Writing software is similar to translating from one language to another. Specifically, it is similar to translating from your native language to some other language. You are translating to that other language so that you can help those others do some task for you. You might not understand this other language very well, and some concepts might be difficult to express in the other language. You are doing your best though when translating, but as we know, some things can get lost in translation.
On software testing
When writing software, some things do get lost in translation. You know what your software should do, but you need to express your needs into the particular programming language that you are using. Even small pieces of software will have some sort of problem, which are called software defects. There is a whole field in computer science which is called software testing, and their goal is to find early such software defects so that they get fixed before the software gets released and reaches the market. When you buy a software package, it has gone through intensive software testing. Because if a customer uses the software package, and then it crashes or malfunctions, it reflects really poorly. They might even return the software and demand their money back!
In the field of software testing, you try to identify actions that a typical customer will likely perform, and may crash the software. If you could, you would try to find all possible software defects and have them fixed. But in reality, identifying all software defects is not possible. And this is a hard fact and a known issue in software testing; no matter how hard you try, there will still be some more software defects.

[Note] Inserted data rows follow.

(* If a graph $G$ has a min-max clique covering that satisfies simple intersection, then the compressed cliques graph of $G$ is unique up to isomorphism; that is, the compressed cliques graphs of $G$ constructed from any two min-max clique coverings of $G$ satisfying simple intersection are isomorphic.
   Context: A clique covering of $G$ is a set of cliques such that every edge lies in at least one of them; $\operatorname{cc}(G)$ is the minimum size of one. A min-max clique covering is a clique covering of size $\operatorname{cc}(G)$ consisting of maximal cliques. It has simple intersection if no three distinct cliques of it have a common vertex. Given such a covering $\{C_1,\dots,C_\ell\}$, for distinct $i,j$ put $C_{i,j}=C_i\cap C_j$ and $C_{i,i}=C_i\setminus\bigcup_{j\ne i}C_j$. The compressed cliques graph with respect to this covering has one vertex $v_{i,j}$ for each non-empty set $C_{i,j}$ (including $i=j$), and $v_{i,j}$, $v_{i',j'}$ are adjacent iff $\{i,j\}\cap\{i',j'\}\neq\emptyset$. *)

theory Defs
  imports Main
begin

definition graph :: "'a set \<Rightarrow> ('a \<Rightarrow> 'a \<Rightarrow> bool) \<Rightarrow> bool" where
  "graph V E \<longleftrightarrow> finite V \<and> (\<forall>u v. E u v \<longrightarrow> u \<in> V \<and> v \<in> V)
     \<and> (\<forall>u v. E u v \<longrightarrow> E v u) \<and> (\<forall>v. \<not> E v v)"

definition clique :: "'a set \<Rightarrow> ('a \<Rightarrow> 'a \<Rightarrow> bool) \<Rightarrow> 'a set \<Rightarrow> bool" where
  "clique V E C \<longleftrightarrow> C \<subseteq> V \<and> (\<forall>u\<in>C. \<forall>v\<in>C. u \<noteq> v \<longrightarrow> E u v)"

definition maximal_clique :: "'a set \<Rightarrow> ('a \<Rightarrow> 'a \<Rightarrow> bool) \<Rightarrow> 'a set \<Rightarrow> bool" where
  "maximal_clique V E C \<longleftrightarrow> clique V E C \<and> (\<forall>D. clique V E D \<and> C \<subseteq> D \<longrightarrow> D = C)"

definition clique_covering :: "'a set \<Rightarrow> ('a \<Rightarrow> 'a \<Rightarrow> bool) \<Rightarrow> 'a set set \<Rightarrow> bool" where
  "clique_covering V E \<C> \<longleftrightarrow> finite \<C> \<and> (\<forall>C\<in>\<C>. clique V E C)
     \<and> (\<forall>u v. E u v \<longrightarrow> (\<exists>C\<in>\<C>. u \<in> C \<and> v \<in> C))"

definition cc :: "'a set \<Rightarrow> ('a \<Rightarrow> 'a \<Rightarrow> bool) \<Rightarrow> nat" where
  "cc V E = (LEAST n. \<exists>\<C>. clique_covering V E \<C> \<and> card \<C> = n)"

definition min_max_clique_covering :: "'a set \<Rightarrow> ('a \<Rightarrow> 'a \<Rightarrow> bool) \<Rightarrow> 'a set set \<Rightarrow> bool" where
  "min_max_clique_covering V E \<C> \<longleftrightarrow> clique_covering V E \<C> \<and> card \<C> = cc V E
     \<and> (\<forall>C\<in>\<C>. maximal_clique V E C)"

definition simple_intersection :: "'a set set \<Rightarrow> bool" where
  "simple_intersection \<C> \<longleftrightarrow>
     (\<forall>A\<in>\<C>. \<forall>B\<in>\<C>. \<forall>C\<in>\<C>. A \<noteq> B \<and> A \<noteq> C \<and> B \<noteq> C \<longrightarrow> A \<inter> B \<inter> C = {})"

definition cpart :: "'a set set \<Rightarrow> 'a set \<Rightarrow> 'a set \<Rightarrow> 'a set" where
  "cpart \<C> C D = (if C = D then C - \<Union>(\<C> - {C}) else C \<inter> D)"

text \<open>Vertices of the compressed cliques graph: the unordered index pairs {C_i, C_j}
  (with i = j allowed, giving a singleton) whose set C_{i,j} is non-empty.\<close>
definition ccg_verts :: "'a set set \<Rightarrow> 'a set set set" where
  "ccg_verts \<C> = {{C, D} | C D. C \<in> \<C> \<and> D \<in> \<C> \<and> cpart \<C> C D \<noteq> {}}"

definition ccg_adj :: "'a set set \<Rightarrow> 'a set set \<Rightarrow> bool" where
  "ccg_adj p q \<longleftrightarrow> p \<noteq> q \<and> p \<inter> q \<noteq> {}"

definition graph_iso :: "'b set \<Rightarrow> ('b \<Rightarrow> 'b \<Rightarrow> bool) \<Rightarrow> 'c set \<Rightarrow> ('c \<Rightarrow> 'c \<Rightarrow> bool) \<Rightarrow> bool" where
  "graph_iso V1 E1 V2 E2 \<longleftrightarrow> (\<exists>f. bij_betw f V1 V2 \<and> (\<forall>u\<in>V1. \<forall>v\<in>V1. E1 u v \<longleftrightarrow> E2 (f u) (f v)))"

end

theory Submission
  imports Defs
begin

text \<open>Send a vertex v to the set of cliques containing it. Under simple intersection this set has
  one or two elements, and it is exactly the compressed-cliques vertex of the part C_{i,j} holding v;
  every vertex lies in some clique because a minimum covering has no singleton cliques, so the
  compressed cliques graph is the image of the non-isolated vertices. For maximal cliques covering
  all edges, the cliques at v are those inside the closed neighbourhood of v, and their union is
  that neighbourhood; hence two vertices have the same cliques iff they have the same closed
  neighbourhood, and their cliques meet iff the vertices are equal or adjacent. Both relations are
  intrinsic to G, so the images under any two such coverings are isomorphic.\<close>

definition cliques_at :: "'a set set \<Rightarrow> 'a \<Rightarrow> 'a set set" where
  "cliques_at \<C> v = {C\<in>\<C>. v \<in> C}"

definition closed_nbhd :: "('a \<Rightarrow> 'a \<Rightarrow> bool) \<Rightarrow> 'a \<Rightarrow> 'a set" where
  "closed_nbhd E v = insert v {u. E v u}"

lemma graph_iso_imageI:
  assumes img1: "g1 ` A = B1" and img2: "g2 ` A = B2"
    and kernel: "\<And>x y. x \<in> A \<Longrightarrow> y \<in> A \<Longrightarrow> g1 x = g1 y \<longleftrightarrow> g2 x = g2 y"
    and rel: "\<And>x y. x \<in> A \<Longrightarrow> y \<in> A \<Longrightarrow> R1 (g1 x) (g1 y) \<longleftrightarrow> R2 (g2 x) (g2 y)"
  shows "graph_iso B1 R1 B2 R2"
proof -
  define f where "f p = g2 (inv_into A g1 p)" for p
  have f_g1: "f (g1 x) = g2 x" if "x \<in> A" for x
    using that kernel[of "inv_into A g1 (g1 x)" x]
    by (simp add: f_def inv_into_into f_inv_into_f)
  have "inj_on f B1"
  proof (rule inj_onI)
    fix p q assume "p \<in> B1" "q \<in> B1" "f p = f q"
    then obtain x y where "x \<in> A" "y \<in> A" "p = g1 x" "q = g1 y"
      using img1 by blast
    with \<open>f p = f q\<close> show "p = q" using f_g1 kernel by metis
  qed
  moreover have "f ` B1 = B2"
    using img1 img2 f_g1 by (force simp: image_iff)
  ultimately have "bij_betw f B1 B2"
    by (simp add: bij_betw_def)
  moreover have "R1 p q \<longleftrightarrow> R2 (f p) (f q)" if "p \<in> B1" "q \<in> B1" for p q
    using that img1 f_g1 rel by auto
  ultimately show ?thesis
    unfolding graph_iso_def by blast
qed

lemma cliques_at_pair:
  assumes "simple_intersection \<C>" "C \<in> \<C>" "D \<in> \<C>" "C \<noteq> D" "v \<in> C" "v \<in> D"
  shows "cliques_at \<C> v = {C, D}"
  using assms unfolding cliques_at_def simple_intersection_def by blast

lemma cliques_at_private:
  assumes "C \<in> \<C>" "v \<in> cpart \<C> C C"
  shows "cliques_at \<C> v = {C}"
  using assms by (auto simp: cliques_at_def cpart_def)

lemma ccg_verts_eq_image_cliques_at:
  assumes si: "simple_intersection \<C>"
  shows "ccg_verts \<C> = cliques_at \<C> ` \<Union>\<C>"
proof
  show "ccg_verts \<C> \<subseteq> cliques_at \<C> ` \<Union>\<C>"
  proof
    fix p assume "p \<in> ccg_verts \<C>"
    then obtain C D v where p: "p = {C, D}" "C \<in> \<C>" "D \<in> \<C>" and v: "v \<in> cpart \<C> C D"
      by (auto simp: ccg_verts_def)
    have "cliques_at \<C> v = p \<and> v \<in> C"
    proof (cases "C = D")
      case True
      then show ?thesis using cliques_at_private[OF p(2)] v p(1) by (auto simp: cpart_def)
    next
      case False
      then show ?thesis using cliques_at_pair[OF si p(2,3)] v p(1) by (auto simp: cpart_def)
    qed
    then show "p \<in> cliques_at \<C> ` \<Union>\<C>" using p(2) by blast
  qed
next
  show "cliques_at \<C> ` \<Union>\<C> \<subseteq> ccg_verts \<C>"
  proof
    fix p assume "p \<in> cliques_at \<C> ` \<Union>\<C>"
    then obtain C v where p: "p = cliques_at \<C> v" and C: "C \<in> \<C>" "v \<in> C" by blast
    show "p \<in> ccg_verts \<C>"
    proof (cases "\<exists>D\<in>\<C>. D \<noteq> C \<and> v \<in> D")
      case True
      then obtain D where D: "D \<in> \<C>" "D \<noteq> C" "v \<in> D" by blast
      then have "p = {C, D}" "v \<in> cpart \<C> C D"
        using cliques_at_pair[OF si C(1) D(1)] p C by (auto simp: cpart_def)
      then show ?thesis using C D unfolding ccg_verts_def by blast
    next
      case False
      then have "p = {C, C}" "v \<in> cpart \<C> C C"
        using p C by (auto simp: cliques_at_def cpart_def)
      then show ?thesis using C unfolding ccg_verts_def by blast
    qed
  qed
qed

lemma min_clique_covering_not_isolated:
  assumes g: "graph V E" and cov: "clique_covering V E \<C>" and min: "card \<C> = cc V E"
    and C: "C \<in> \<C>" "v \<in> C"
  shows "\<exists>u. E v u"
proof (rule ccontr)
  assume isolated: "\<nexists>u. E v u"
  have fin: "finite \<C>" using cov by (simp add: clique_covering_def)
  have "clique V E C" using cov C by (simp add: clique_covering_def)
  then have C_eq: "C = {v}" using C isolated by (auto simp: clique_def)
  have "clique_covering V E (\<C> - {C})"
  proof -
    have "\<exists>D\<in>\<C> - {C}. a \<in> D \<and> b \<in> D" if "E a b" for a b
    proof -
      obtain D where "D \<in> \<C>" "a \<in> D" "b \<in> D"
        using cov \<open>E a b\<close> unfolding clique_covering_def by blast
      moreover have "a \<noteq> b" using g \<open>E a b\<close> by (auto simp: graph_def)
      ultimately show ?thesis using C_eq by blast
    qed
    then show ?thesis using cov fin by (simp add: clique_covering_def)
  qed
  then have "cc V E \<le> card (\<C> - {C})"
    unfolding cc_def by (intro Least_le) blast
  moreover have "card (\<C> - {C}) < card \<C>"
    using fin C(1) by (rule card_Diff1_less)
  ultimately show False using min by simp
qed

lemma Union_min_clique_covering:
  assumes "graph V E" "clique_covering V E \<C>" "card \<C> = cc V E"
  shows "\<Union>\<C> = {v. \<exists>u. E v u}"
  using min_clique_covering_not_isolated[OF assms] assms(2)
  by (fastforce simp: clique_covering_def)

lemma cliques_at_eq_contained_in_closed_nbhd:
  assumes g: "graph V E" and maximal: "\<forall>C\<in>\<C>. maximal_clique V E C" and v: "v \<in> V"
  shows "cliques_at \<C> v = {C\<in>\<C>. C \<subseteq> closed_nbhd E v}"
proof (intro equalityI subsetI)
  fix C assume "C \<in> cliques_at \<C> v"
  then have "C \<in> \<C>" "v \<in> C" by (auto simp: cliques_at_def)
  moreover from this have "clique V E C" using maximal by (simp add: maximal_clique_def)
  ultimately show "C \<in> {C\<in>\<C>. C \<subseteq> closed_nbhd E v}"
    by (auto simp: clique_def closed_nbhd_def)
next
  fix C assume "C \<in> {C\<in>\<C>. C \<subseteq> closed_nbhd E v}"
  then have C: "C \<in> \<C>" "C \<subseteq> closed_nbhd E v" by auto
  then have "maximal_clique V E C" using maximal by blast
  have "E x y \<Longrightarrow> E y x" for x y using g by (simp add: graph_def)
  moreover have "clique V E C" using \<open>maximal_clique V E C\<close> by (simp add: maximal_clique_def)
  ultimately have "clique V E (insert v C)"
    using C(2) v unfolding clique_def closed_nbhd_def by blast
  then have "insert v C = C" using \<open>maximal_clique V E C\<close> by (auto simp: maximal_clique_def)
  then show "C \<in> cliques_at \<C> v" using C(1) by (auto simp: cliques_at_def)
qed

lemma closed_nbhd_eq_Union_cliques_at:
  assumes cov: "clique_covering V E \<C>" and v: "\<exists>u. E v u"
  shows "closed_nbhd E v = \<Union>(cliques_at \<C> v)"
proof (intro equalityI subsetI)
  fix u assume "u \<in> closed_nbhd E v"
  then obtain a where "E v a" "u = v \<or> u = a"
    using v by (auto simp: closed_nbhd_def)
  moreover from \<open>E v a\<close> obtain C where "C \<in> \<C>" "v \<in> C" "a \<in> C"
    using cov unfolding clique_covering_def by blast
  ultimately show "u \<in> \<Union>(cliques_at \<C> v)" by (auto simp: cliques_at_def)
next
  fix u assume "u \<in> \<Union>(cliques_at \<C> v)"
  then obtain C where "C \<in> \<C>" "v \<in> C" "u \<in> C" by (auto simp: cliques_at_def)
  moreover from \<open>C \<in> \<C>\<close> have "clique V E C" using cov by (simp add: clique_covering_def)
  ultimately show "u \<in> closed_nbhd E v" by (auto simp: clique_def closed_nbhd_def)
qed

lemma cliques_at_eq_iff_closed_nbhd_eq:
  assumes g: "graph V E" and m: "min_max_clique_covering V E \<C>"
    and v: "\<exists>u. E v u" and w: "\<exists>u. E w u"
  shows "cliques_at \<C> v = cliques_at \<C> w \<longleftrightarrow> closed_nbhd E v = closed_nbhd E w"
proof -
  have cov: "clique_covering V E \<C>" and maximal: "\<forall>C\<in>\<C>. maximal_clique V E C"
    using m by (auto simp: min_max_clique_covering_def)
  have "v \<in> V" "w \<in> V" using g v w by (auto simp: graph_def)
  note cliques = cliques_at_eq_contained_in_closed_nbhd[OF g maximal this(1)]
    cliques_at_eq_contained_in_closed_nbhd[OF g maximal this(2)]
  note nbhds = closed_nbhd_eq_Union_cliques_at[OF cov v] closed_nbhd_eq_Union_cliques_at[OF cov w]
  show ?thesis
  proof
    assume "cliques_at \<C> v = cliques_at \<C> w"
    then show "closed_nbhd E v = closed_nbhd E w" using nbhds by simp
  next
    assume "closed_nbhd E v = closed_nbhd E w"
    then show "cliques_at \<C> v = cliques_at \<C> w" using cliques by simp
  qed
qed

lemma cliques_at_meet_iff:
  assumes cov: "clique_covering V E \<C>" and v: "\<exists>u. E v u"
  shows "cliques_at \<C> v \<inter> cliques_at \<C> w \<noteq> {} \<longleftrightarrow> v = w \<or> E v w"
proof
  assume "cliques_at \<C> v \<inter> cliques_at \<C> w \<noteq> {}"
  then obtain C where "C \<in> \<C>" "v \<in> C" "w \<in> C" by (auto simp: cliques_at_def)
  then show "v = w \<or> E v w" using cov by (auto simp: clique_covering_def clique_def)
next
  assume "v = w \<or> E v w"
  then obtain u where "E v u" "v = w \<or> u = w" using v by blast
  then show "cliques_at \<C> v \<inter> cliques_at \<C> w \<noteq> {}"
    using cov by (fastforce simp: clique_covering_def cliques_at_def)
qed

lemma ccg_adj_cliques_at_iff:
  assumes g: "graph V E" and m: "min_max_clique_covering V E \<C>"
    and v: "\<exists>u. E v u" and w: "\<exists>u. E w u"
  shows "ccg_adj (cliques_at \<C> v) (cliques_at \<C> w) \<longleftrightarrow>
    closed_nbhd E v \<noteq> closed_nbhd E w \<and> E v w"
proof -
  have "clique_covering V E \<C>" using m by (simp add: min_max_clique_covering_def)
  from cliques_at_meet_iff[OF this v, of w] show ?thesis
    using cliques_at_eq_iff_closed_nbhd_eq[OF g m v w] unfolding ccg_adj_def by auto
qed

lemma ccg_verts_eq_image_non_isolated:
  assumes "graph V E" "min_max_clique_covering V E \<C>" "simple_intersection \<C>"
  shows "ccg_verts \<C> = cliques_at \<C> ` {v. \<exists>u. E v u}"
  using assms ccg_verts_eq_image_cliques_at Union_min_clique_covering
  by (metis min_max_clique_covering_def)

theorem mainTheorem3:
  fixes V :: "'a set" and E :: "'a \<Rightarrow> 'a \<Rightarrow> bool" and \<C>1 \<C>2 :: "'a set set"
  assumes "graph V E"
    and "min_max_clique_covering V E \<C>1" and "simple_intersection \<C>1"
    and "min_max_clique_covering V E \<C>2" and "simple_intersection \<C>2"
  shows "graph_iso (ccg_verts \<C>1) ccg_adj (ccg_verts \<C>2) ccg_adj"
proof (rule graph_iso_imageI)
  let ?A = "{v. \<exists>u. E v u}"
  show "cliques_at \<C>1 ` ?A = ccg_verts \<C>1" "cliques_at \<C>2 ` ?A = ccg_verts \<C>2"
    using ccg_verts_eq_image_non_isolated assms by metis+
  fix v w assume "v \<in> ?A" "w \<in> ?A"
  then have v: "\<exists>u. E v u" and w: "\<exists>u. E w u" by simp_all
  show "cliques_at \<C>1 v = cliques_at \<C>1 w \<longleftrightarrow> cliques_at \<C>2 v = cliques_at \<C>2 w"
    and "ccg_adj (cliques_at \<C>1 v) (cliques_at \<C>1 w) \<longleftrightarrow>
      ccg_adj (cliques_at \<C>2 v) (cliques_at \<C>2 w)"
    using cliques_at_eq_iff_closed_nbhd_eq[OF assms(1) _ v w] ccg_adj_cliques_at_iff[OF assms(1) _ v w]
      assms(2,4) by simp_all
qed

end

This post is about security though, and not about software testing. What gives? Well, a software defect can make the software to malfunction. This malfunctioning can make the software to perform an action that was not intended by the software developers. It can make the software do what some attacker wants it to do. Farfetched? Not at all. This is what a big part of computer security works on.
When security researchers perform software testing with an aim of finding software defects, we say that they are performing security fuzzing, or just fuzzing. Therefore, fuzzing is similar to software testing, but with the focus on identifying ways to make the software malfunction in a really bad way.
Security researchers find security vulnerabilities, ways to break into a computer system. This means that fuzzing is the first half of the job to find security vulnerabilities. The second part is to analyse each software defect and try to figure out, if possible, a way to break into the system. In this post we are only focusing on the first part of the job.
Defects and vulnerabilities
Are all software defects a potential candidate for a security vulnerability? Let’s see an example of a text editor. If you are using the text editor only to edit your own documents, but not open downloaded text documents, then there is no chance for a security vulnerability. Because an attacker would not have a way to influence this text editor. There would be no input of this text editor that is exposed to the attacker.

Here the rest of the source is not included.